Precision Medicine Research Center, Taihe Hospital, Hubei University of Medicine, Shiyan, China.
School of Computing and Electronic Information, Guangxi University, Nanning, China.
BMC Genomics. 2018 Dec 31;19(Suppl 10):912. doi: 10.1186/s12864-018-5272-y.
NGS data contains many machine-induced errors. The most advanced methods for the error correction heavily depend on the selection of solid k-mers. A solid k-mer is a k-mer frequently occurring in NGS reads. The other k-mers are called weak k-mers. A solid k-mer does not likely contain errors, while a weak k-mer most likely contains errors. An intensively investigated problem is to find a good frequency cutoff f to balance the numbers of solid and weak k-mers. Once the cutoff is determined, a more challenging but less-studied problem is to: (i) remove a small subset of solid k-mers that are likely to contain errors, and (ii) add a small subset of weak k-mers, that are likely to contain no errors, into the remaining set of solid k-mers. Identification of these two subsets of k-mers can improve the correction performance.

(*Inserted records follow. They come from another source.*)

lemma tendsto_Kir_eps: "((\<lambda>\<epsilon>. Kir_eps \<epsilon> \<Phi> x) \<longlongrightarrow> x * hilbert_y \<Phi> x x) (at_right 0)"
proof (cases "x = 0")
  case True
  then show ?thesis by (simp add: Kir_eps_def)
next
  case False
  show ?thesis
  proof (rule Lim_transform_eventually)
    show "((\<lambda>\<epsilon>. x * hilbert_trunc \<Phi> \<epsilon> x) \<longlongrightarrow> x * hilbert_y \<Phi> x x) (at_right 0)"
      unfolding hilbert_y_eq_hilbert_diag by (intro tendsto_mult_left tendsto_hilbert_trunc)
    have "\<forall>\<^sub>F \<epsilon> in at_right 0. \<epsilon> < \<bar>x\<bar>"
      by (rule eventually_at_rightI[of 0 "\<bar>x\<bar>"]) (use False in auto)
    then show "\<forall>\<^sub>F \<epsilon> in at_right 0. x * hilbert_trunc \<Phi> \<epsilon> x = Kir_eps \<epsilon> \<Phi> x"
      by (rule eventually_mono) (simp add: Kir_eps_outside)
  qed
qed

context
  fixes \<phi> :: "real \<Rightarrow> real" and C :: real
  assumes weight_measurable [measurable]: "\<phi> \<in> borel_measurable borel"
    and weight_bound: "\<And>x. \<bar>\<phi> x\<bar> \<le> C"
begin

lemma weight_bound_nonneg: "0 \<le> C"
  using weight_bound[of 0] by linarith

lemma integrable_weighted_truncated_kernel:
  assumes "0 < \<epsilon>"
  shows "integrable lborel
    (\<lambda>p. indicator {p. \<epsilon> < \<bar>fst p - snd p\<bar>} p * (\<phi> (fst p) * \<Phi> p / (fst p - snd p)))"
    (is "integrable lborel ?G")
proof (rule integrable_bounded_vanishing_outside_cball)
  have "?G \<in> borel_measurable (lborel \<Otimes>\<^sub>M lborel)" by measurable
  then show "?G \<in> borel_measurable lborel" by (simp only: lborel_prod)
  show "\<bar>?G p\<bar> \<le> C * M / \<epsilon>" for p
  proof (cases "\<epsilon> < \<bar>fst p - snd p\<bar>")
    case True
    then have "\<bar>\<phi> (fst p)\<bar> * \<bar>\<Phi> p\<bar> / \<bar>fst p - snd p\<bar> \<le> C * M / \<epsilon>"
      using assms weight_bound kernel_bound kernel_bound_nonneg weight_bound_nonneg
      by (intro frac_le mult_mono) auto
    then show ?thesis using True by (simp add: abs_mult abs_divide)
  qed (use assms kernel_bound_nonneg weight_bound_nonneg in simp)
  show "norm p \<le> R" if "?G p \<noteq> 0" for p
  proof -
    have "\<Phi> p \<noteq> 0" using that by auto
    then show ?thesis by (rule kernel_support)
  qed
qed

lemma S_eps_eq_integral_hilbert_trunc:
  assumes "0 < \<epsilon>"
  shows "integrable lborel (\<lambda>x. \<phi> x * hilbert_trunc \<Phi> \<epsilon> x)"
    and "S_eps \<epsilon> (\<lambda>(x, y). \<phi> x * \<Phi> (x, y)) = (\<integral>x. \<phi> x * hilbert_trunc \<Phi> \<epsilon> x \<partial>lborel)"
proof -
  define D where "D = {p :: real \<times> real. \<epsilon> < \<bar>fst p - snd p\<bar>}"
  define G where "G p = indicator D p * (\<phi> (fst p) * \<Phi> p / (fst p - snd p))" for p
  have G_lborel: "integrable lborel G"
    unfolding G_def D_def by (rule integrable_weighted_truncated_kernel[OF assms])
  then have G: "integrable (lborel \<Otimes>\<^sub>M lborel) G" by (simp only: lborel_prod)
  have inner: "(\<integral>y. G (x, y) \<partial>lborel) = \<phi> x * hilbert_trunc \<Phi> \<epsilon> x" for x
  proof -
    have "G (x, y) = \<phi> x * (indicator {y. \<epsilon> < \<bar>x - y\<bar>} y * (\<Phi> (x, y) / (x - y)))" for y
      by (simp add: G_def D_def indicator_def)
    then show ?thesis
      unfolding hilbert_trunc_def integral_eq_lborel_indicator[OF integrable_truncated_kernel[OF assms]]
      by (simp only: integral_mult_right_zero)
  qed
  show "integrable lborel (\<lambda>x. \<phi> x * hilbert_trunc \<Phi> \<epsilon> x)"
    using lborel_pair.integrable_fst'[OF G] unfolding inner .
  have "S_eps \<epsilon> (\<lambda>(x, y). \<phi> x * \<Phi> (x, y)) = integral D (\<lambda>p. \<phi> (fst p) * \<Phi> p / (fst p - snd p))"
    unfolding S_eps_def D_def by (simp add: case_prod_beta)
  also have "\<dots> = (\<integral>p. G p \<partial>lborel)"
    unfolding G_def by (rule integral_eq_lborel_indicator[OF G_lborel[unfolded G_def]])
  also have "\<dots> = (\<integral>x. \<phi> x * hilbert_trunc \<Phi> \<epsilon> x \<partial>lborel)"
    using lborel_pair.integral_fst'[OF G] unfolding inner lborel_prod ..
  finally show "S_eps \<epsilon> (\<lambda>(x, y). \<phi> x * \<Phi> (x, y)) = (\<integral>x. \<phi> x * hilbert_trunc \<Phi> \<epsilon> x \<partial>lborel)" .
qed

lemma T_eps_Kir_eps_eq_S_eps:
  assumes "0 < \<epsilon>"
  shows "T_eps \<epsilon> (\<lambda>x. \<phi> x * Kir_eps \<epsilon> \<Phi> x) = S_eps \<epsilon> (\<lambda>(x, y). \<phi> x * \<Phi> (x, y))"
proof -
  have "T_eps \<epsilon> (\<lambda>x. \<phi> x * Kir_eps \<epsilon> \<Phi> x) = integral UNIV (\<lambda>x. \<phi> x * hilbert_trunc \<Phi> \<epsilon> x)"
    unfolding T_eps_def
  proof (rule integral_spike[of "{0}"])
    show "\<phi> x * hilbert_trunc \<Phi> \<epsilon> x = h_eps \<epsilon> x * (\<phi> x * Kir_eps \<epsilon> \<Phi> x)"
      if "x \<in> UNIV - {0}" for x
      using h_eps_mult_Kir_eps[OF assms, of x \<Phi>] that by simp
  qed simp
  also have "\<dots> = S_eps \<epsilon> (\<lambda>(x, y). \<phi> x * \<Phi> (x, y))"
    using S_eps_eq_integral_hilbert_trunc[OF assms] by (simp add: integral_lborel)
  finally show ?thesis .
qed

lemma pv_recip_eq_S_pair:
  "pv_recip (\<lambda>x. \<phi> x * (x * hilbert_y \<Phi> x x)) = S_pair (\<lambda>(x, y). \<phi> x * \<Phi> (x, y))"
proof -
  define g where "g x = \<phi> x * hilbert_diag x" for x
  have g_bound: "\<bar>g x\<bar> \<le> C * (4 * R * L)" for x
    unfolding g_def abs_mult
    using weight_bound hilbert_diag_bound weight_bound_nonneg by (intro mult_mono) auto
  have g: "integrable lborel g"
  proof (rule integrable_bounded_vanishing_outside_cball[OF _ g_bound])
    show "g \<in> borel_measurable lborel" unfolding g_def by measurable
    show "norm x \<le> R" if "g x \<noteq> 0" for x
      using that hilbert_diag_vanishes[of x] by (force simp: g_def)
  qed
  have "integral {x. \<epsilon> < \<bar>x\<bar>} g = integral {x. \<epsilon> < \<bar>x\<bar>} (\<lambda>x. \<phi> x * (x * hilbert_y \<Phi> x x) / x)"
    if "0 < \<epsilon>" for \<epsilon>
    using that by (intro Henstock_Kurzweil_Integration.integral_cong)
      (auto simp: g_def hilbert_y_eq_hilbert_diag)
  then have "\<forall>\<^sub>F \<epsilon> in at_right 0. integral {x. \<epsilon> < \<bar>x\<bar>} g
      = integral {x. \<epsilon> < \<bar>x\<bar>} (\<lambda>x. \<phi> x * (x * hilbert_y \<Phi> x x) / x)"
    by (rule eventually_mono[OF eventually_at_right_less])
  from Lim_transform_eventually[OF tendsto_integral_abs_gt[OF g g_bound] this]
  have "pv_recip (\<lambda>x. \<phi> x * (x * hilbert_y \<Phi> x x)) = (\<integral>x. g x \<partial>lborel)"
    unfolding pv_recip_def by (rule tendsto_Lim[OF trivial_limit_at_right_real])
  moreover have "hilbert_y (\<lambda>(x, y). \<phi> x * \<Phi> (x, y)) x x = g x" for x
    unfolding hilbert_y_diag hilbert_trunc_mult_left g_def
    by (intro tendsto_Lim[OF trivial_limit_at_right_real] tendsto_mult_left tendsto_hilbert_trunc)
  ultimately show ?thesis
    unfolding S_pair_def using integral_lborel[OF g] by simp
qed

end

end

theorem proposition9p2:
  fixes \<Phi> :: "real \<times> real \<Rightarrow> real"
  assumes "test_fun \<Phi>"
  shows "(\<forall>\<epsilon>>0. \<forall>\<phi>::real \<Rightarrow> real. test_fun \<phi> \<longrightarrow>
            T_eps \<epsilon> (\<lambda>x. \<phi> x * Kir_eps \<epsilon> \<Phi> x) = S_eps \<epsilon> (\<lambda>(x, y). \<phi> x * \<Phi> (x, y)))
       \<and> (\<forall>x. ((\<lambda>\<epsilon>. Kir_eps \<epsilon> \<Phi> x) \<longlongrightarrow> x * hilbert_y \<Phi> x x) (at_right 0))
       \<and> (\<forall>\<phi>::real \<Rightarrow> real. test_fun \<phi> \<longrightarrow>
            pv_recip (\<lambda>x. \<phi> x * (x * hilbert_y \<Phi> x x)) = S_pair (\<lambda>(x, y). \<phi> x * \<Phi> (x, y)))"
proof -
  obtain R where "0 \<le> R" "\<And>p. \<Phi> p \<noteq> 0 \<Longrightarrow> norm p \<le> R"
    using test_fun_support_bounded[OF assms] by blast
  moreover obtain M where "\<And>p. \<bar>\<Phi> p\<bar> \<le> M"
    using test_fun_bounded[OF assms] by blast
  moreover obtain L where "\<And>x. L-lipschitz_on UNIV (\<lambda>y. \<Phi> (x, y))"
    using test_fun_lipschitz_second_component[OF assms] by blast
  ultimately interpret y_lipschitz_bump \<Phi> R M L
    using test_fun_borel_measurable[OF assms] by unfold_locales
  show ?thesis
  proof (intro conjI allI impI)
    fix \<epsilon> :: real and \<phi> :: "real \<Rightarrow> real"
    assume "0 < \<epsilon>" and \<phi>: "test_fun \<phi>"
    obtain C where "\<And>x. \<bar>\<phi> x\<bar> \<le> C" using test_fun_bounded[OF \<phi>] by blast
    from T_eps_Kir_eps_eq_S_eps[OF test_fun_borel_measurable[OF \<phi>] this \<open>0 < \<epsilon>\<close>]
    show "T_eps \<epsilon> (\<lambda>x. \<phi> x * Kir_eps \<epsilon> \<Phi> x) = S_eps \<epsilon> (\<lambda>(x, y). \<phi> x * \<Phi> (x, y))" .
  next
    fix \<phi> :: "real \<Rightarrow> real"
    assume \<phi>: "test_fun \<phi>"
    obtain C where "\<And>x. \<bar>\<phi> x\<bar> \<le> C" using test_fun_bounded[OF \<phi>] by blast
    from pv_recip_eq_S_pair[OF test_fun_borel_measurable[OF \<phi>] this]
    show "pv_recip (\<lambda>x. \<phi> x * (x * hilbert_y \<Phi> x x)) = S_pair (\<lambda>(x, y). \<phi> x * \<Phi> (x, y))" .
  qed (rule tendsto_Kir_eps)
qed

end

We propose to use a Gamma distribution to model the frequencies of erroneous k-mers and a mixture of Gaussian distributions to model correct k-mers, and combine them to determine f. To identify the two special subsets of k-mers, we use the z-score of k-mers which measures the number of standard deviations a k-mer's frequency is from the mean. Then these statistically-solid k-mers are used to construct a Bloom filter for error correction. Our method is markedly superior to the state-of-art methods, tested on both real and synthetic NGS data sets.
The z-score is adequate to distinguish solid k-mers from weak k-mers, particularly useful for pinpointing out solid k-mers having very low frequency. Applying z-score on k-mer can markedly improve the error correction accuracy.

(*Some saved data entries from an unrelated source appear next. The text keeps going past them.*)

lemma hdelta_S_four_steps:
  assumes "1 \<le> i" "i + 4 \<le> l"
  shows "4 * hdelta h a dstar (S (i + 4)) < hdelta h a dstar (S i)"
proof -
  have "hdelta h a dstar (S (i + 4)) \<le> (ds (i + 4) - dstar) * - gs (i + 3)"
    using hdelta_S_Suc_upper[of "i + 3"] assms by (simp add: numeral_eq_Suc)
  also have "\<dots> < (ds (i + 3) - dstar) * - gs (i + 3)"
    using ds_decreasing[of "i + 3" "i + 4"] supergradient_neg[of "i + 3"] assms by simp
  also have "2 * \<dots> \<le> (ds (i + 2) - dstar) * - gs (i + 2)"
    using gap_slope_halves[of "i + 2"] assms by (simp add: numeral_eq_Suc)
  also have "2 * \<dots> \<le> (ds (i + 1) - dstar) * - gs (i + 1)"
    using gap_slope_halves[of "i + 1"] assms by (simp add: numeral_eq_Suc)
  also have "\<dots> \<le> (ds (i + 1) - dstar) * - gs i"
    using supergradient_mono[of i] dstar_le_ds[of "i + 1"] assms by (intro mult_left_mono) auto
  also have "\<dots> \<le> hdelta h a dstar (S i)"
    using hdelta_S_lower[of i] assms by simp
  finally show ?thesis
    by simp
qed


lemma every_fourth_growth:
  assumes "j \<in> {1..<(l + 3) div 4}"
  shows "4 * hdelta h a dstar (S (l - 4 * (j - 1))) < hdelta h a dstar (S (l - 4 * (Suc j - 1)))"
proof -
  have "1 \<le> j" "4 * j + 1 \<le> l"
    using assms by auto
  moreover from this have "l - 4 * (j - 1) = l - 4 * j + 4"
    by presburger
  ultimately show ?thesis
    using hdelta_S_four_steps[of "l - 4 * j"] by simp
qed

NGS 数据包含许多机器诱导的错误。最先进的纠错方法严重依赖于固体 k-mer 的选择。固体 k-mer 是在 NGS 读取中频繁出现的 k-mer。其他 k-mer 称为弱 k-mer。固体 k-mer 不太可能包含错误,而弱 k-mer 很可能包含错误。一个深入研究的问题是找到一个好的频率截止值 f 来平衡固体和弱 k-mer 的数量。一旦确定了截止值,一个更具挑战性但研究较少的问题是:(i)删除可能包含错误的一小部分固体 k-mer,(ii)将一小部分可能不包含错误的弱 k-mer 添加到剩余的固体 k-mer 集合中。识别这两个 k-mer 子集可以提高纠错性能。

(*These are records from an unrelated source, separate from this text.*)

(* Let $q$ be the morphism on the alphabet $\{0,1,\ldots,21\}$ and $\gamma$ the coding to $\{0,1\}$ defined by (letters in images separated by commas): $q(0)=0,1$; $q(1)=2,3$; $q(2)=4,5$; $q(3)=6,7$; $q(4)=8,9$; $q(5)=10,11$; $q(6)=12,7$; $q(7)=8,9$; $q(8)=13,14$; $q(9)=15,1$; $q(10)=2,16$; $q(11)=7,17$; $q(12)=6,4$; $q(13)=2,16$; $q(14)=18,19$; $q(15)=0,1$; $q(16)=6,7$; $q(17)=10,11$; $q(18)=20,9$; $q(19)=10,21$; $q(20)=13,14$; $q(21)=18,19$; $\gamma(i)=1$ for $i\in\{0,1,3,6,7,11,12,13,14,17,19,20\}$ and $\gamma(i)=0$ for $i\in\{2,4,5,8,9,10,15,16,18,21\}$. Then the infinite word $\gamma(q^\omega(0))=11010011000111001101001110001101000111010011000\cdots$ contains only three distinct squares: $0^2$, $1^2$, and $(10)^2$. It has total weight $44$.
   Context: A square is a nonempty word $xx$; "containing" means as a factor. $q^\omega(0)$ is the infinite fixed point of $q$ starting with $0$. The weight of a morphism $h:\Sigma^*\to\Sigma^*$ is $\sum_{a\in\Sigma}|h(a)|$, and the weight of a $k$-automatic word is the weight of its defining $k$-uniform morphism (here $2\cdot 22=44$). *)

theory Defs
  imports Main
begin

definition q_table :: "nat list list" where
  "q_table = [[0,1],[2,3],[4,5],[6,7],[8,9],[10,11],[12,7],[8,9],[13,14],[15,1],
              [2,16],[7,17],[6,4],[2,16],[18,19],[0,1],[6,7],[10,11],[20,9],[10,21],
              [13,14],[18,19]]"

definition q :: "nat \<Rightarrow> nat list" where
  "q a = q_table ! a"

definition q_star :: "nat list \<Rightarrow> nat list" where
  "q_star xs = concat (map q xs)"

definition gamma :: "nat \<Rightarrow> nat" where
  "gamma i = (if i \<in> {0,1,3,6,7,11,12,13,14,17,19,20} then 1 else 0)"

text \<open>The infinite fixed point q^omega(0): since q(0) = 0 1, the words q^n(0) form a
  chain of prefixes of length 2^n; its n-th letter is read off q^(n+1)(0).\<close>
definition q_omega :: "nat \<Rightarrow> nat" where
  "q_omega n = ((q_star ^^ Suc n) [0]) ! n"

definition factor_of :: "nat list \<Rightarrow> (nat \<Rightarrow> nat) \<Rightarrow> bool" where
  "factor_of x u \<longleftrightarrow> (\<exists>i. \<forall>j < length x. u (i + j) = x ! j)"

definition weight :: "nat \<Rightarrow> (nat \<Rightarrow> nat list) \<Rightarrow> nat" where
  "weight k h = (\<Sum>a<k. length (h a))"

end

theory Submission
  imports Defs
begin

(* Write u = q^omega(0). Squares of period less than 10 in gamma(u) are found by inspecting the
   length-20 factors of u, which form a finite set closed under desubstitution. For longer squares
   we generalise: a pattern consists of three colorings of the alphabet, constraining the letter
   before a block, the letters of the block and the letter after it, each compared with the letter
   n positions later; a square of period n in gamma(u) is an occurrence of the initial pattern.
   Since q is 2-uniform, an occurrence of period 2m desubstitutes to an occurrence of period m of
   one of two derived patterns, and the patterns reachable from the initial one form a finite set.
   Periods 5 to 9 are excluded by inspecting the length-20 factors, and odd periods of at least 10
   because nine consecutive letters, seen through the colorings of these patterns, determine the
   parity of their position. By induction no pattern occurs with period at least 5. *)

section \<open>The fixed point of q\<close>

lemma nth_concat_map_uniform:
  assumes "\<forall>x\<in>set xs. length (h x) = k" and "j < k * length xs"
  shows "concat (map h xs) ! j = h (xs ! (j div k)) ! (j mod k)"
  using assms
proof (induction xs arbitrary: j)
  case (Cons x xs)
  show ?case
  proof (cases "j < k")
    case True
    then show ?thesis
      using Cons.prems by (simp add: nth_append)
  next
    case False
    then have "concat (map h (x # xs)) ! j = concat (map h xs) ! (j - k)"
      using Cons.prems by (simp add: nth_append)
    also have "\<dots> = h (xs ! ((j - k) div k)) ! ((j - k) mod k)"
      using Cons False by (intro Cons.IH) auto
    also have "\<dots> = h ((x # xs) ! (j div k)) ! (j mod k)"
    proof -
      have "0 < k"
        using False Cons.prems(2) by (cases k) auto
      then show ?thesis
        using False by (simp add: le_div_geq le_mod_geq)
    qed
    finally show ?thesis .
  qed
qed simp

lemma length_concat_map_uniform:
  "\<forall>x\<in>set xs. length (h x) = k \<Longrightarrow> length (concat (map h xs)) = k * length xs"
  by (induction xs) auto

lemma q_table_wf: "length q_table = 22 \<and> (\<forall>xs\<in>set q_table. length xs = 2 \<and> (\<forall>a\<in>set xs. a < 22))"
  by (simp add: q_table_def)

lemma length_q: "a < 22 \<Longrightarrow> length (q a) = 2"
  using q_table_wf by (simp add: q_def)

lemma q_less: "a < 22 \<Longrightarrow> b \<in> set (q a) \<Longrightarrow> b < 22"
  using q_table_wf by (auto simp: q_def)

lemma q_star_less: "\<forall>a\<in>set xs. a < 22 \<Longrightarrow> \<forall>b\<in>set (q_star xs). b < 22"
  by (auto simp: q_star_def dest: q_less)

lemma length_q_star: "\<forall>a\<in>set xs. a < 22 \<Longrightarrow> length (q_star xs) = 2 * length xs"
  unfolding q_star_def by (rule length_concat_map_uniform) (simp add: length_q)

lemma nth_q_star:
  "\<forall>a\<in>set xs. a < 22 \<Longrightarrow> j < 2 * length xs \<Longrightarrow> q_star xs ! j = q (xs ! (j div 2)) ! (j mod 2)"
  unfolding q_star_def by (rule nth_concat_map_uniform) (auto simp: length_q)

lemma q_iter_less: "\<forall>a\<in>set ((q_star ^^ m) [0]). a < 22"
  by (induction m) (simp_all add: q_star_less)

lemma length_q_iter: "length ((q_star ^^ m) [0]) = 2 ^ m"
  by (induction m) (simp_all add: length_q_star q_iter_less)

lemma q_iter_Suc_prefix: "\<exists>zs. (q_star ^^ Suc m) [0] = (q_star ^^ m) [0] @ zs"
proof (induction m)
  case 0
  show ?case
    by (simp add: q_star_def q_def q_table_def)
next
  case (Suc m)
  then obtain zs where "(q_star ^^ Suc m) [0] = (q_star ^^ m) [0] @ zs" ..
  then have "(q_star ^^ Suc (Suc m)) [0] = (q_star ^^ Suc m) [0] @ q_star zs"
    by (simp add: q_star_def)
  then show ?case ..
qed

lemma nth_q_iter_mono:
  assumes "m \<le> m'" and "n < 2 ^ m"
  shows "(q_star ^^ m') [0] ! n = (q_star ^^ m) [0] ! n"
  using assms(1)
proof (induction m' rule: dec_induct)
  case (step k)
  obtain zs where "(q_star ^^ Suc k) [0] = (q_star ^^ k) [0] @ zs"
    using q_iter_Suc_prefix ..
  moreover have "n < length ((q_star ^^ k) [0])"
  proof -
    have "(2::nat) ^ m \<le> 2 ^ k"
      using step.hyps(1) by (simp add: power_increasing)
    then show ?thesis
      using assms(2) length_q_iter[of k] by linarith
  qed
  ultimately show ?case
    using step.IH by (simp add: nth_append)
qed simp

lemma q_omega_eq_nth_q_iter: "n < 2 ^ m \<Longrightarrow> q_omega n = (q_star ^^ m) [0] ! n"
proof -
  assume "n < 2 ^ m"
  moreover have "n < 2 ^ Suc n"
    using less_exp[of n] by (simp del: less_exp)
  ultimately show ?thesis
    unfolding q_omega_def by (metis max.cobounded1 max.cobounded2 nth_q_iter_mono)
qed

lemma q_omega_less: "q_omega n < 22"
proof -
  have "n < length ((q_star ^^ n) [0])"
    by (simp add: length_q_iter less_exp)
  then show ?thesis
    using q_omega_eq_nth_q_iter[OF less_exp] q_iter_less[of n] by simp
qed

lemma q_omega_div_mod: "q_omega j = q (q_omega (j div 2)) ! (j mod 2)"
proof -
  have j: "j < 2 * length ((q_star ^^ j) [0])"
    using less_exp[of j] by (simp add: length_q_iter del: less_exp)
  have "q_omega j = q_star ((q_star ^^ j) [0]) ! j"
    using less_exp[of "Suc j"] by (simp add: q_omega_def)
  also have "\<dots> = q ((q_star ^^ j) [0] ! (j div 2)) ! (j mod 2)"
    using j q_iter_less by (rule nth_q_star[rotated])
  also have "(q_star ^^ j) [0] ! (j div 2) = q_omega (j div 2)"
    using j by (intro q_omega_eq_nth_q_iter[symmetric]) (simp add: length_q_iter)
  finally show ?thesis .
qed

(* The letters 0, ..., 21 are mirrored by the constructors L0, ..., L21, so that the finite checks
   below compare letters by constructor distinctness; code_simp is far slower on numerals. *)
datatype letter = L0 | L1 | L2 | L3 | L4 | L5 | L6 | L7 | L8 | L9 | L10 | L11 | L12 | L13
  | L14 | L15 | L16 | L17 | L18 | L19 | L20 | L21

definition letters :: "letter list" where
  "letters = [L0, L1, L2, L3, L4, L5, L6, L7, L8, L9, L10, L11, L12, L13, L14, L15, L16, L17,
    L18, L19, L20, L21]"

definition letter_of :: "nat \<Rightarrow> letter" where
  "letter_of a = letters ! a"

fun letter_index :: "letter \<Rightarrow> nat" where
  "letter_index L0 = 0" | "letter_index L1 = 1" | "letter_index L2 = 2" | "letter_index L3 = 3"
| "letter_index L4 = 4" | "letter_index L5 = 5" | "letter_index L6 = 6" | "letter_index L7 = 7"
| "letter_index L8 = 8" | "letter_index L9 = 9" | "letter_index L10 = 10" | "letter_index L11 = 11"
| "letter_index L12 = 12" | "letter_index L13 = 13" | "letter_index L14 = 14" | "letter_index L15 = 15"
| "letter_index L16 = 16" | "letter_index L17 = 17" | "letter_index L18 = 18" | "letter_index L19 = 19"
| "letter_index L20 = 20" | "letter_index L21 = 21"

fun letter_subst :: "letter \<Rightarrow> letter list" where
  "letter_subst L0 = [L0, L1]" | "letter_subst L1 = [L2, L3]" | "letter_subst L2 = [L4, L5]"
| "letter_subst L3 = [L6, L7]" | "letter_subst L4 = [L8, L9]" | "letter_subst L5 = [L10, L11]"
| "letter_subst L6 = [L12, L7]" | "letter_subst L7 = [L8, L9]" | "letter_subst L8 = [L13, L14]"
| "letter_subst L9 = [L15, L1]" | "letter_subst L10 = [L2, L16]" | "letter_subst L11 = [L7, L17]"
| "letter_subst L12 = [L6, L4]" | "letter_subst L13 = [L2, L16]" | "letter_subst L14 = [L18, L19]"
| "letter_subst L15 = [L0, L1]" | "letter_subst L16 = [L6, L7]" | "letter_subst L17 = [L10, L11]"
| "letter_subst L18 = [L20, L9]" | "letter_subst L19 = [L10, L21]" | "letter_subst L20 = [L13, L14]"
| "letter_subst L21 = [L18, L19]"

definition letter_substs :: "letter list \<Rightarrow> letter list" where
  "letter_substs xs = concat (map letter_subst xs)"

我们提出使用伽马分布来建模错误 k-mer 的频率,使用混合高斯分布来建模正确的 k-mer,并将它们结合起来确定 f。为了识别这两个特殊的 k-mer 子集,我们使用 k-mer 的 z 分数来衡量 k-mer 的频率与平均值的标准差数。然后,这些统计上可靠的 k-mer 用于构建用于纠错的布隆过滤器。我们的方法在真实和合成 NGS 数据集上的测试明显优于最先进的方法。
z 分数足以区分固体 k-mer 和弱 k-mer,特别适用于精确定位频率非常低的固体 k-mer。在 k-mer 上应用 z 分数可以显著提高纠错准确性。